At the desk the clerk telephoned up to the actress’ apartment to see if she was in, and would receive Nan. The maid did not understand who Nan was, and was doubtful; but the moment Madam came to the telephone herself and heard Nan’s name, she cried:
“Send her up— send her up! She is just the one I want to see.”
This greatly excited Nan, for she thought of Sallie and Celia. When she was let out of the elevator on one of the upper floors, the apartment door was open, and Madam herself was holding out a welcoming hand to her, excitedly saying:
“You dear girl! You are as welcome as the flowers in May. Come in and let me talk to you. How surprising, really! I had no thought of seeing you, and yet I desired to— so much.”
Nan was drawn gently into the large and beautiful reception room, while the actress was talking. She saw the woman’s furs and hat thrown carelessly on a couch, and thought that she must have recently come in, even before Madam said:
“I have just come from an exhausting morning in the studio. Oh, dear! everybody seemed so stupid to-day. There are such days, you know— everything goes wrong, and even the patient camera-man loses his temper.
“Yes, Marie, you may bring the tea tray. I am exhausted; nothing but tea will revive this fainting pilgrim.
“And, my dear!” she added, turning to Nan again, “I have news for you— news of those runaway girls.”
“Oh, Madam! Are Sallie and Celia found?” cried Nan. “I want so to make Mrs. Morton happy.”
“We-ell,” said the actress, with less enthusiasm. “I believe I can give you a trace of them. But, of course, I haven’t them shut up in a cage waiting for their parents to come for them,” and she laughed.
“It really is an odd occurrence, my dear. At the time I was telling you the other day that those girls could not be working with my company, that is exactly what they were doing.”
“Oh!” cried Nan, again.
“Yes, my dear. Just fancy! I only learned of it this very morning. Of course, I give no attention to the extra people, save when they are before the camera. My assistant hires them and usually trains the ‘mob’ until I want them.
“Now, fancy!” pursued the lovely woman, “there was a girl, named Jennie Albert, whom we had been using quite a good deal, and she fell ill. So she sent two new girls, and as Mr. Gray needed two extras that day, he let them stay without inquiring too closely into their personal affairs.
“Oh, I blame Mr. Gray, and I told him so. I did not see the girls in question until the big scene we put on this morning. Then the company before the camera was too large; the scene was crowded. I began weeding out the awkward ones, as I always do.
“Why, positively, my dear, there are some girls who do not know how to wear a frock, and yet they wish to appear in my films!
“These two girls of whom I speak I cut out at once. I told Mr. Gray never to put them into costume again. Why! sticks and stones have more grace of movement and naturalness than those two poor creatures— positively!” cried the moving picture director, with emphasis.
“Ah, well! I must not excite myself. This is my time for relaxation, and— a second cup of tea!”
Her light laughter jarred a bit on Nan Sherwood’s troubled mind.
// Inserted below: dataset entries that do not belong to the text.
text \<open>The coefficient bounds are chosen so that \<open>carry_step\<close> preserves them: the multiple
  of \<open>t\<close> it subtracts is at most \<open>carry_bound\<close> because \<open>2 + \<bar>p\<bar> \<le> \<bar>q\<bar>\<close>, and the bound at \<open>i\<close>
  is the bound at \<open>i + 1\<close> plus the contributions of \<open>g\<^sub>i\<^sub>+\<^sub>1\<close> and \<open>t\<^sub>i\<^sub>+\<^sub>1\<close>.\<close>

definition tail_weight :: "int \<Rightarrow> int poly \<Rightarrow> nat \<Rightarrow> int" where
  "tail_weight q g i = (\<bar>q\<bar> - 1) * (\<Sum>j\<in>{Suc i..degree g}. \<bar>coeff g j\<bar>)"

definition carry_bound :: "int \<Rightarrow> int poly \<Rightarrow> int" where
  "carry_bound q g = tail_weight q g 0 + (\<bar>q\<bar> - 1) * (1 + \<bar>coeff g 0\<bar>)"

definition rem_bound :: "int \<Rightarrow> int \<Rightarrow> int poly \<Rightarrow> nat \<Rightarrow> int" where
  "rem_bound p q g i = tail_weight q g i +
     (if i = 0 then (1 + \<bar>p\<bar>) * carry_bound q g else if i = 1 then carry_bound q g else 0)"

definition carry_box :: "int \<Rightarrow> int \<Rightarrow> int poly \<Rightarrow> int poly set" where
  "carry_box p q g = {R. \<forall>i. \<bar>coeff R i\<bar> \<le> rem_bound p q g i}"

lemma tail_weight_Suc: "tail_weight q g i = tail_weight q g (Suc i) + (\<bar>q\<bar> - 1) * \<bar>coeff g (Suc i)\<bar>"
proof (cases "Suc i \<le> degree g")
  case True
  then show ?thesis by (simp add: tail_weight_def sum.atLeast_Suc_atMost algebra_simps)
next
  case False
  then show ?thesis by (simp add: tail_weight_def coeff_eq_0)
qed

lemma tail_weight_nonneg: "q \<noteq> 0 \<Longrightarrow> tail_weight q g i \<ge> 0"
  by (simp add: tail_weight_def sum_nonneg)

lemma tail_weight_antimono: "q \<noteq> 0 \<Longrightarrow> i \<le> j \<Longrightarrow> tail_weight q g j \<le> tail_weight q g i"
  by (simp add: tail_weight_def mult_left_mono sum_mono2)

lemma carry_bound_nonneg: "q \<noteq> 0 \<Longrightarrow> carry_bound q g \<ge> 0"
  by (simp add: carry_bound_def tail_weight_nonneg)

lemma rem_bound_nonneg: "q \<noteq> 0 \<Longrightarrow> rem_bound p q g i \<ge> 0"
  by (simp add: rem_bound_def tail_weight_nonneg carry_bound_nonneg)

lemma rem_bound_le_0:
  assumes "q \<noteq> 0"
  shows "rem_bound p q g i \<le> rem_bound p q g 0"
proof -
  have "0 \<le> carry_bound q g"
    using assms by (rule carry_bound_nonneg)
  then have "carry_bound q g \<le> (1 + \<bar>p\<bar>) * carry_bound q g" "0 \<le> (1 + \<bar>p\<bar>) * carry_bound q g"
    using mult_right_mono[of 1 "1 + \<bar>p\<bar>" "carry_bound q g"] by simp_all
  then show ?thesis
    using tail_weight_antimono[OF assms, of 0 i g] by (auto simp: rem_bound_def)
qed

lemma rem_bound_eq_0: "degree g + 2 \<le> i \<Longrightarrow> rem_bound p q g i = 0"
  by (simp add: rem_bound_def tail_weight_def)

lemma rem_bound_Suc:
  "rem_bound p q g (Suc i) + (\<bar>q\<bar> - 1) * \<bar>coeff g (Suc i)\<bar> + carry_bound q g * \<bar>coeff (tpoly p q) (Suc i)\<bar>
    = rem_bound p q g i"
  by (simp add: rem_bound_def coeff_tpoly tail_weight_Suc[of q g i] algebra_simps)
“To think!” the lovely actress said, continuing, “that it never occurred to my mind that those two awkward misses might be your runaways until I was standing on one side watching the scene as they passed out. One was crying. Of course I am sorry I had to order their discharge, but one must sacrifice much for art,” sighed Madam.
“One was crying, and I heard the other call her ‘Celia.’ And then the crying girl said: ’I can’t help it, Sallie. I am discouraged’– or something like that.
“Of course, you understand, my dear, my mind was engaged with far more important matters. My sub-consciousness must have filmed the words, and especially the girls’ names. After the scene suited me, it suddenly came back to me that those names were the real names of the runaway girls. They had given Mr. Gray fictitious names, of course. When I sent him out to find them, he was just too late. The girls had left the premises.”